(* Let $T$ be a Bienaym\'e–Galton–Watson tree with $Z_0=1$ and offspring mean $1<\gamma<\infty$, extinction probability $q$, with i.i.d. edge resistances with distribution function $F$ on $[0,\infty)$. Then for every $\varepsilon>0$, $$\Pr\{R^\varepsilon(T)=\infty\}=\Pr\{R(T)=\infty\}=q.$$
   Context: Ulam–Harris-labelled tree, root $\langle 0\rangle$, generations $T_k$, $T_{[k]}$ the subtree on generations $0,\dots,k$. $R(T_{[k]})$ is the effective resistance between the root and $T_k$ (vertices of $T_k$ identified) in $T_{[k]}$, $\infty$ if $T_k=\emptyset$; $R(T)=\lim_k R(T_{[k]})\in[0,\infty]$. $R^\varepsilon(T)$ is the same quantity when each edge resistance $R(e)$ is replaced by $R(e)+\varepsilon$. $q=\Pr\{Z_n=0\text{ eventually}\}$. *)

theory Defs
  imports "HOL-Probability.Probability"
begin

text \<open>Ulam--Harris labels are stored as REVERSED lists of child indices:
  the root is [], and the i-th child (i = 0,1,...) of vertex v is i # v.
  A realisation of the tree is given by the offspring numbers N v of all
  potential vertices v; v belongs to the tree iff its ancestors do and
  its index is below its parent's offspring number.\<close>

fun in_tree :: "(nat list \<Rightarrow> nat) \<Rightarrow> nat list \<Rightarrow> bool" where
  "in_tree N [] = True"
| "in_tree N (i # v) = (in_tree N v \<and> i < N v)"

definition generation :: "(nat list \<Rightarrow> nat) \<Rightarrow> nat \<Rightarrow> nat list set" where
  "generation N k = {v. length v = k \<and> in_tree N v}"

text \<open>res N Rs eps m v: effective resistance, in the tree below v truncated
  m generations below v, between v and the (identified) vertices m generations
  below v, where the edge from the parent of w to w has resistance Rs w + eps.
  Series/parallel laws in [0,\<infinity>]; it is \<infinity> if there are no vertices
  m generations below v (empty sum of conductances is 0, inverse 0 = \<infinity>).\<close>
fun res :: "(nat list \<Rightarrow> nat) \<Rightarrow> (nat list \<Rightarrow> real) \<Rightarrow> real \<Rightarrow> nat \<Rightarrow> nat list \<Rightarrow> ennreal" where
  "res N Rs eps 0 v = 0"
| "res N Rs eps (Suc m) v =
     inverse (\<Sum>i<N v. inverse (ennreal (Rs (i # v) + eps) + res N Rs eps m (i # v)))"

definition res_trunc :: "(nat list \<Rightarrow> nat) \<Rightarrow> (nat list \<Rightarrow> real) \<Rightarrow> real \<Rightarrow> nat \<Rightarrow> ennreal" where
  "res_trunc N Rs eps k = res N Rs eps k []"

definition res_tree :: "(nat list \<Rightarrow> nat) \<Rightarrow> (nat list \<Rightarrow> real) \<Rightarrow> real \<Rightarrow> ennreal" where
  "res_tree N Rs eps = lim (\<lambda>k. res_trunc N Rs eps k)"

end

theory Submission
  imports Defs
begin

text \<open>
  Both events \<open>R\<^sup>\<epsilon>(T) = \<infinity>\<close> and extinction occur for \<open>T\<close> iff they occur for the subtrees
  rooted at all children of the root. These subtrees are i.i.d. copies of \<open>T\<close>, so the
  probabilities of both events are fixed points of the offspring generating function \<open>f\<close>, and
  since \<open>\<gamma> > 1\<close>, \<open>f\<close> has at most one fixed point in \<open>[0,1)\<close>. Extinction implies \<open>R(T) = \<infinity>\<close>,
  which implies \<open>R\<^sup>\<epsilon>(T) = \<infinity>\<close>, so it remains to show \<open>P(R\<^sup>\<epsilon>(T) < \<infinity>) > 0\<close>.

  Cap the offspring numbers at \<open>C\<close>, choose \<open>L\<close> with \<open>\<mu> = E[min(Z\<^sub>1, C)] P(R(e) \<le> L) > 1\<close>,
  and write \<open>R\<^sub>n\<close> for the \<open>\<epsilon>\<close>-resistance of the first \<open>n\<close> generations. Let \<open>W\<^sub>k\<close> count the
  vertices of generation \<open>k\<close> reached through edges of resistance at most \<open>L\<close> whose subtree has
  \<open>R\<^sub>n \<le> X\<close>. Then \<open>E W\<^sub>k = \<mu>\<^sup>k P(R\<^sub>n \<le> X)\<close> and \<open>E W\<^sub>k\<^sup>2 \<le> E W\<^sub>k + b (E W\<^sub>k)\<^sup>2\<close>, so by the
  Paley--Zygmund inequality, for \<open>k\<close> large, \<open>W\<^sub>k \<ge> 2\<close> with probability at least a fixed \<open>s > 0\<close>
  whenever \<open>P(R\<^sub>n \<le> X) \<ge> s\<close>. Two such vertices in parallel give \<open>R\<^sub>n\<^sub>+\<^sub>k \<le> k(L+\<epsilon>) + X/2 = X\<close> for
  \<open>X = 2k(L+\<epsilon>)\<close>, and iterating over blocks of \<open>k\<close> generations yields \<open>P(R\<^sup>\<epsilon>(T) \<le> X) \<ge> s\<close>.
\<close>

section \<open>Resistance and extinction of a fixed tree\<close>

lemma ennreal_inverse_antimono:
  fixes a b :: ennreal
  assumes "a \<le> b"
  shows "inverse b \<le> inverse a"
proof (cases "a = 0 \<or> b = top")
  case False
  then obtain ra rb where "a = ennreal ra" "b = ennreal rb" "0 < ra" "0 \<le> rb"
    using assms by (cases a; cases b) (auto simp: top_unique)
  with assms show ?thesis by (simp add: inverse_ennreal le_imp_inverse_le)
qed auto

lemma tendsto_inverse_ennreal:
  assumes "(f \<longlongrightarrow> (a::ennreal)) F"
  shows "((\<lambda>x. inverse (f x)) \<longlongrightarrow> inverse a) F"
proof -
  have "isCont inverse a"
    using continuous_on_inverse_ennreal[OF continuous_on_id[of UNIV]]
    by (simp add: continuous_on_eq_continuous_at)
  then show ?thesis using assms by (rule isCont_tendsto_compose)
qed

abbreviation subtree :: "nat \<Rightarrow> (nat list \<Rightarrow> 'b) \<Rightarrow> nat list \<Rightarrow> 'b" where
  "subtree i f \<equiv> \<lambda>u. f (u @ [i])"

lemma res_append: "res N Rs e m (w @ [i]) = res (subtree i N) (subtree i Rs) e m w"
proof (induction m arbitrary: w)
  case (Suc m)
  have "res N Rs e m (j # w @ [i]) = res (subtree i N) (subtree i Rs) e m (j # w)" for j
    using Suc.IH[of "j # w"] by simp
  then show ?case by simp
qed simp

lemma res_mono_Suc: "res N Rs e m v \<le> res N Rs e (Suc m) v"
proof (induction m arbitrary: v)
  case (Suc m)
  have "(\<Sum>i<N v. inverse (ennreal (Rs (i # v) + e) + res N Rs e (Suc m) (i # v)))
     \<le> (\<Sum>i<N v. inverse (ennreal (Rs (i # v) + e) + res N Rs e m (i # v)))"
    by (intro sum_mono ennreal_inverse_antimono add_left_mono Suc.IH)
  then show ?case by (simp add: ennreal_inverse_antimono)
qed simp

lemma incseq_res: "incseq (\<lambda>m. res N Rs e m v)"
  by (rule incseq_SucI) (rule res_mono_Suc)

lemma res_mono: "m \<le> m' \<Longrightarrow> res N Rs e m v \<le> res N Rs e m' v"
  using incseq_res by (rule incseqD)

lemma res_mono_eps: "e \<le> e' \<Longrightarrow> res N Rs e m v \<le> res N Rs e' m v"
proof (induction m arbitrary: v)
  case (Suc m)
  have "(\<Sum>i<N v. inverse (ennreal (Rs (i # v) + e') + res N Rs e' m (i # v)))
     \<le> (\<Sum>i<N v. inverse (ennreal (Rs (i # v) + e) + res N Rs e m (i # v)))"
    using Suc by (intro sum_mono ennreal_inverse_antimono add_mono ennreal_leI) auto
  then show ?case by (simp add: ennreal_inverse_antimono)
qed simp

lemma res_cong_edges:
  assumes "\<And>w. w \<noteq> [] \<Longrightarrow> Rs w = Rs' w"
  shows "res N Rs e m v = res N Rs' e m v"
  using assms by (induction m arbitrary: v) simp_all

____

**TASK**. All lines holding the word "identified" must be copied from the data.

**REPLY**.
   Context: Ulam–Harris-labelled tree, root $\langle 0\rangle$, generations $T_k$, $T_{[k]}$ the subtree on generations $0,\dots,k$. $R(T_{[k]})$ is the effective resistance between the root and $T_k$ (vertices of $T_k$ identified) in $T_{[k]}$, $\infty$ if $T_k=\emptyset$; $R(T)=\lim_k R(T_{[k]})\in[0,\infty]$. $R^\varepsilon(T)$ is the same quantity when each edge resistance $R(e)$ is replaced by $R(e)+\varepsilon$. $q=\Pr\{Z_n=0\text{ eventually}\}$. *)
  m generations below v, between v and the (identified) vertices m generations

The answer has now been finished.